Симон выглядит старым.
И он красив.
– Мессир!..
Этот не стал топтаться на пороге. Грохоча, прошел к самому алтарю.
Алендрок де Пэм – проклинающий себя за то, что не исполнил угрозы, не бросил Монфора. Остался на свою голову, хотя Пятидесятница уже миновала.
– Симон! Вы что, в бога, в душу, в мать?! Ваша набожность!.. Раймон топит нас в дерьме!..
Не глядя, Симон поднял руку, прикрывая Алендроку рот.
– Уже скоро, – спокойно сказал он. – Сейчас я увижу Спасителя.
Фалькон онемел, стоя со Святыми Дарами в руках. И пока епископ переводил дыхание, Симон вместо него проговорил заключительные слова:
– Nunc dimittis servum tuum, Domine, secundum verbum tuum in pace.[2]
Он встал и взял гостию. Луч света лился у него за спиной, истекая из малого круглого оконца.
– А, засранцы! – закричал Симон своему резервному отряду. Хрипловатый голос Симона разлетелся, казалось, по всему замку – таким долгожданным был он и так жадно ему внимали. – Ну, что? Накостыляем этим блядям?
– А-а-а!!. – пронесся согласный рев.
– Идемте! – крикнул Симон, перекрывая все остальные голоса. – Идемте, умрем за Него, как Он умер за нас!
И, спущенные, наконец, с цепи, бросились франки к лошадям.
Раймон бежал.
Бежал и молодой Фуа со своими стрелками, и Рожьер де Коминж с отчаянными арагонцами.
Не успевшие перебраться за палисады бросались ко рвам, оступались, захлебывались в мутной воде.
Симон гнал их, смеясь. Сила переполняла его. И многим в мареве жаркого дня виделось, будто Симон погружен в красноватое сияние.
Едва оказавшись за крепким палисадом перед воротами Монтолье, Рожьер велел стрелять из катапульты. Женщины, прихожанки святого Сатурнина, утопая в поту, подтащили корзину с камнями. Дали первый залп.
– Там еще остались наши! – крикнула одна.
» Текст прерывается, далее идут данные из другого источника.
definition reach :: "'a::euclidean_space set \<Rightarrow> ereal" where
  "reach A = (INF a\<in>A. reach_at A a)"

definition Tan :: "'a::euclidean_space set \<Rightarrow> 'a \<Rightarrow> 'a set" where
  "Tan A x = {u. u = 0 \<or> (\<exists>xs rs. (\<forall>i. xs i \<in> A \<and> xs i \<noteq> x \<and> rs i > (0::real)) \<and>
       xs \<longlonglongrightarrow> x \<and> (\<lambda>i. rs i *\<^sub>R (xs i - x)) \<longlonglongrightarrow> u)}"

definition Tan_span :: "'a::euclidean_space set \<Rightarrow> 'a \<Rightarrow> 'a set" where
  "Tan_span A x = span (Tan A x)"

definition T1 :: "'a::euclidean_space set \<Rightarrow> 'a set" where
  "T1 A = {x \<in> A. dim (Tan_span A x) = 1}"

text \<open>psi_1^A(x) in G(d,1), represented as the 1-dimensional linear subspace itself.\<close>
definition psi1 :: "'a::euclidean_space set \<Rightarrow> 'a \<Rightarrow> 'a set" where
  "psi1 A x = Tan_span A x"

definition rho1 :: "'a::euclidean_space set \<Rightarrow> 'a set \<Rightarrow> real" where
  "rho1 U V = max (SUP u\<in>{u\<in>U. norm u = 1}. infdist u V)
                  (SUP v\<in>{v\<in>V. norm v = 1}. infdist v U)"

end

(* If reach A > R then A is closed, the nearest-point map is continuous on the R-neighbourhood
   of A, and a Brouwer fixed-point argument shows that a normal segment from q in A (one all of
   whose points have nearest point q) can be prolonged until its length reaches R. Approximating
   a unit vector n polar to Tan(A,x) by directions of such segments issuing from points of A near x,
   and passing to the limit, shows that x is the nearest point of x + s n for every s < R. So the
   ball of radius r about x + r n misses A, which bounds the sine of the angle between b - x and the
   tangent line at x by |b - x|/(2r) for every b in A. Applying this at x and at y to the chord
   between them bounds the sine of the angle between the two tangent lines by |x - y|/r. For unit
   vectors u, v this sine is sqrt (1 - (u.v)^2), and it equals rho1 of the lines they span. *)

theory Submission
  imports Defs
begin

section \<open>Nearest points\<close>

definition nearest_point :: "'a::euclidean_space set \<Rightarrow> 'a \<Rightarrow> 'a" where
  "nearest_point A p = (THE a. a \<in> A \<and> (\<forall>b\<in>A. dist p a \<le> dist p b))"

lemma
  assumes "p \<in> Unp A"
  shows nearest_point_in: "nearest_point A p \<in> A"
    and nearest_point_le: "b \<in> A \<Longrightarrow> dist p (nearest_point A p) \<le> dist p b"
proof -
  have "\<exists>!a. a \<in> A \<and> (\<forall>b\<in>A. dist p a \<le> dist p b)" using assms by (simp add: Unp_def)
  from theI'[OF this] show "nearest_point A p \<in> A" "b \<in> A \<Longrightarrow> dist p (nearest_point A p) \<le> dist p b"
    unfolding nearest_point_def by auto
qed

lemma nearest_point_eqI:
  assumes "p \<in> Unp A" "a \<in> A" "\<And>b. b \<in> A \<Longrightarrow> dist p a \<le> dist p b"
  shows "nearest_point A p = a"
proof -
  have "\<exists>!a. a \<in> A \<and> (\<forall>b\<in>A. dist p a \<le> dist p b)" using assms by (simp add: Unp_def)
  from the1_equality[OF this] assms show ?thesis unfolding nearest_point_def by auto
qed

lemma dist_nearest_point:
  assumes "p \<in> Unp A"
  shows "dist p (nearest_point A p) = infdist p A"
  using nearest_point_in[OF assms] nearest_point_le[OF assms]
  by (metis antisym cINF_greatest empty_iff infdist_le infdist_notempty)

lemma inner_normal_le_norm_square:
  assumes "q + \<rho> *\<^sub>R m \<in> Unp A" "nearest_point A (q + \<rho> *\<^sub>R m) = q" "b \<in> A"
  shows "2 * \<rho> * (m \<bullet> (b - q)) \<le> norm (b - q) ^ 2"
proof -
  have "norm (\<rho> *\<^sub>R m) \<le> norm (\<rho> *\<^sub>R m - (b - q))"
    using nearest_point_le[OF assms(1,3)] assms(2) by (simp add: dist_norm algebra_simps)
  then have "norm (\<rho> *\<^sub>R m) ^ 2 \<le> norm (\<rho> *\<^sub>R m - (b - q)) ^ 2"
    by (simp add: power_mono)
  then show ?thesis
    unfolding power2_norm_eq_inner by (simp add: inner_diff_left inner_diff_right inner_commute)
qed

lemma nearest_point_on_segment:
  assumes "p \<in> Unp A" "a = nearest_point A p" "0 \<le> t" "t \<le> 1" "a + t *\<^sub>R (p - a) \<in> Unp A"
  shows "nearest_point A (a + t *\<^sub>R (p - a)) = a"
proof (rule nearest_point_eqI[OF assms(5)])
  let ?w = "a + t *\<^sub>R (p - a)"
  show "a \<in> A" using nearest_point_in[OF assms(1)] assms(2) by simp
  have "p - ?w = (1 - t) *\<^sub>R (p - a)" by (simp add: algebra_simps)
  then have "dist p ?w = (1 - t) * norm (p - a)" "dist ?w a = t * norm (p - a)"
    using assms(3,4) by (simp_all add: dist_norm)
  then have "dist p a = dist p ?w + dist ?w a" by (simp add: dist_norm algebra_simps)
  moreover have "dist p a \<le> dist p b" if "b \<in> A" for b
    using nearest_point_le[OF assms(1) that] assms(2) by simp
  ultimately show "dist ?w a \<le> dist ?w b" if "b \<in> A" for b
    using that dist_triangle[of p b ?w] by (smt (verit, best) dist_commute)
qed

lemma ball_subset_Unp_if_less_reach:
  assumes "ereal R < reach A" "a \<in> A"
  shows "ball a R \<subseteq> Unp A"
proof -
  have "ereal R < Sup {ereal r | r. r \<ge> 0 \<and> ball a r \<subseteq> Unp A}"
    using assms INF_lower[of a A "reach_at A"] by (simp add: reach_def reach_at_def)
  then obtain r where "ball a r \<subseteq> Unp A" "R < r" by (auto simp: less_Sup_iff)
  then show ?thesis using subset_ball[of R r a] by auto
qed

lemma closed_if_balls_subset_Unp:
  fixes A :: "'a::euclidean_space set"
  assumes "R > 0" and balls: "\<And>a. a \<in> A \<Longrightarrow> ball a R \<subseteq> Unp A"
  shows "closed A"
proof -
  have "z \<in> A" if z: "z \<in> closure A" for z
  proof -
    obtain a where "a \<in> A" "dist a z < R" using z \<open>R > 0\<close> closure_approachable by blast
    then have zU: "z \<in> Unp A" using balls by (force simp: dist_commute)
    have "infdist z A = 0" using z \<open>a \<in> A\<close> in_closure_iff_infdist_zero by blast
    then have "z = nearest_point A z" using dist_nearest_point[OF zU] by simp
    then show ?thesis using nearest_point_in[OF zU] by simp
  qed
  then show ?thesis using closure_subset_eq by blast
qed

lemma continuous_on_nearest_point:
  fixes A :: "'a::euclidean_space set"
  assumes "closed A" "compact S" "S \<subseteq> Unp A"
  shows "continuous_on S (nearest_point A)"
proof (cases "S = {}")
  case False
  then obtain a0 where a0: "a0 \<in> A" using nearest_point_in assms(3) by blast
  obtain M where M: "\<And>y. y \<in> S \<Longrightarrow> norm y \<le> M"
    using compact_imp_bounded[OF assms(2)] bounded_iff by blast
  define T where "T = A \<inter> cball 0 (2 * M + norm a0)"
  have "compact T" unfolding T_def using assms(1) by (simp add: closed_Int_compact)
  moreover have "nearest_point A \<in> S \<rightarrow> T"
  proof
    fix y assume y: "y \<in> S"
    then have yU: "y \<in> Unp A" using assms by auto
    have "norm (nearest_point A y) \<le> norm y + dist y (nearest_point A y)"
      by (metis dist_commute dist_norm norm_triangle_sub)
    also have "\<dots> \<le> norm y + (norm y + norm a0)"
      using nearest_point_le[OF yU a0] norm_triangle_ineq4[of y a0] by (simp add: dist_norm)
    finally show "nearest_point A y \<in> T"
      unfolding T_def using nearest_point_in[OF yU] M[OF y] by simp
  qed
  moreover have "(\<lambda>x. (x, nearest_point A x)) ` S
      = (S \<times> A) \<inter> {z. dist (fst z) (snd z) = infdist (fst z) A}"
  proof (intro set_eqI iffI)
    fix z assume "z \<in> (S \<times> A) \<inter> {z. dist (fst z) (snd z) = infdist (fst z) A}"
    moreover obtain y b where "z = (y, b)" by (cases z)
    ultimately show "z \<in> (\<lambda>x. (x, nearest_point A x)) ` S"
      using assms(3) nearest_point_eqI[of y A b] by (auto simp: infdist_le)
  next
    fix z assume "z \<in> (\<lambda>x. (x, nearest_point A x)) ` S"
    then obtain y where "y \<in> S" "y \<in> Unp A" "z = (y, nearest_point A y)" using assms(3) by auto
    then show "z \<in> (S \<times> A) \<inter> {z. dist (fst z) (snd z) = infdist (fst z) A}"
      using nearest_point_in dist_nearest_point by auto
  qed
  moreover have "closed ((S \<times> A) \<inter> {z. dist (fst z) (snd z) = infdist (fst z) A})"
    using compact_imp_closed[OF assms(2)] assms(1)
    by (intro closed_Int closed_Times closed_Collect_eq continuous_intros)
  ultimately show ?thesis using continuous_from_closed_graph by metis
qed simp

section \<open>Normal rays\<close>

lemma brouwer_nearest_point_direction:
  fixes A :: "'a::euclidean_space set"
  assumes "closed A" "0 < \<eta>" "\<eta> < infdist v A" "cball v \<eta> \<subseteq> Unp A"
  obtains y where "y \<in> cball v \<eta>" "y = v + \<eta> *\<^sub>R sgn (y - nearest_point A y)"
proof -
  define F where "F y = v + \<eta> *\<^sub>R sgn (y - nearest_point A y)" for y
  have nonzero: "norm (y - nearest_point A y) \<noteq> 0" if "y \<in> cball v \<eta>" for y
  proof -
    have "infdist v A \<le> infdist y A + \<eta>" using infdist_triangle[of v A y] that by simp
    moreover have "infdist y A = norm (y - nearest_point A y)"
      using dist_nearest_point[of y A] that assms(4) by (auto simp: dist_norm)
    ultimately show ?thesis using assms(3) by linarith
  qed
  have "continuous_on (cball v \<eta>) F"
    using continuous_on_nearest_point[OF assms(1) compact_cball assms(4)] nonzero
    unfolding F_def sgn_div_norm by (intro continuous_intros) auto
  moreover have "F \<in> cball v \<eta> \<rightarrow> cball v \<eta>"
    using nonzero assms(2) by (auto simp: F_def dist_norm norm_sgn)
  ultimately obtain y where "y \<in> cball v \<eta>" "F y = y" using brouwer_ball[OF assms(2)] by blast
  then show ?thesis using that by (simp add: F_def)
qed

text \<open>The point \<open>y\<close> found by Brouwer's theorem sees \<open>v\<close> on the segment towards its nearest
  point, which therefore is the nearest point \<open>a\<close> of \<open>v\<close>; so \<open>y\<close> lies on the ray through \<open>a\<close>
  and \<open>v\<close>, at distance \<open>s + \<eta>\<close> from \<open>a\<close>.\<close>

lemma nearest_point_ray_extend:
  fixes A :: "'a::euclidean_space set"
  assumes "closed A" "ball a R \<subseteq> Unp A" "norm m = 1" "0 < \<eta>" "\<eta> \<le> s / 2" "s + \<eta> < R"
    and ray: "nearest_point A (a + s *\<^sub>R m) = a"
  shows "nearest_point A (a + (s + \<eta>) *\<^sub>R m) = a"
proof -
  define v where "v = a + s *\<^sub>R m"
  have "dist a v = s" using assms(3-5) by (simp add: v_def dist_norm)
  have "cball v \<eta> \<subseteq> ball a R"
  proof
    fix y assume "y \<in> cball v \<eta>"
    then show "y \<in> ball a R"
      using dist_triangle[of a y v] \<open>dist a v = s\<close> assms(6) by simp
  qed
  then have "cball v \<eta> \<subseteq> Unp A" and vU: "v \<in> Unp A"
    using assms(2,4) by (auto simp: subset_iff)
  have "infdist v A = s"
    using dist_nearest_point[OF vU] ray \<open>dist a v = s\<close> by (simp add: v_def dist_commute)
  then have "\<eta> < infdist v A" using assms(4,5) by simp
  then obtain y where y: "y \<in> cball v \<eta>" and yv: "y = v + \<eta> *\<^sub>R sgn (y - nearest_point A y)"
    using brouwer_nearest_point_direction[OF assms(1,4)] \<open>cball v \<eta> \<subseteq> Unp A\<close> by blast
  define b where "b = nearest_point A y"
  define d where "d = norm (y - b)"
  define n where "n = sgn (y - b)"
  have yU: "y \<in> Unp A" using y \<open>cball v \<eta> \<subseteq> Unp A\<close> by auto
  have "s \<le> d + \<eta>"
    using infdist_triangle[of v A y] dist_nearest_point[OF yU] y \<open>infdist v A = s\<close>
    by (simp add: d_def b_def dist_norm dist_commute)
  then have d: "\<eta> \<le> d" "0 < d" using assms(4,5) by auto
  have n: "norm n = 1" "y - b = d *\<^sub>R n"
    using d by (simp_all add: n_def d_def norm_sgn sgn_div_norm)
  have yvn: "y = v + \<eta> *\<^sub>R n" using yv by (simp add: n_def b_def)
  then have "v = b + (d - \<eta>) *\<^sub>R n" using n(2) by (simp add: algebra_simps)
  then have vb: "v = b + ((d - \<eta>) / d) *\<^sub>R (y - b)" using n(2) d by simp
  have "nearest_point A v = b"
    unfolding vb using d vU vb assms(4) by (intro nearest_point_on_segment[OF yU b_def]) auto
  then have "b = a" using ray by (simp add: v_def)
  then have "s *\<^sub>R m = (d - \<eta>) *\<^sub>R n" using vb n(2) d by (simp add: v_def)
  moreover have "s = d - \<eta>"
    using arg_cong[OF \<open>s *\<^sub>R m = (d - \<eta>) *\<^sub>R n\<close>, of norm] assms(3-5) n(1) d by simp
  ultimately have "m = n" using assms(4,5) by simp
  then have "y = a + (s + \<eta>) *\<^sub>R m" using yvn by (simp add: v_def algebra_simps)
  then show ?thesis using \<open>b = a\<close> b_def by simp
qed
– Стреляйте! – сквозь зубы повторил Рожьер. – Там Симон!
Когда катапульта разразилась вторым залпом, франки спаслись за укрытиями возле Киски. Сооруженные для обслуги осадной башни, они оставались еще нетронутыми.
Симон был уже в безопасности. Прижимаясь к влажной, опаленной неудачным поджогом стене башни, он смотрел на поле Монтолье в щель между высокими щитами.
От Саленских ворот мчался Амори де Монфор. Камни и стрелы летели мимо, не успевая задеть его, – казалось, Амори обгоняет собственную смерть.
В следующее мгновение, оглушенный камнем, он на всем скаку упал с коня и грянулся о землю недалеко от спасительных щитов. Тотчас же несколько стрел впились в землю возле упавшего.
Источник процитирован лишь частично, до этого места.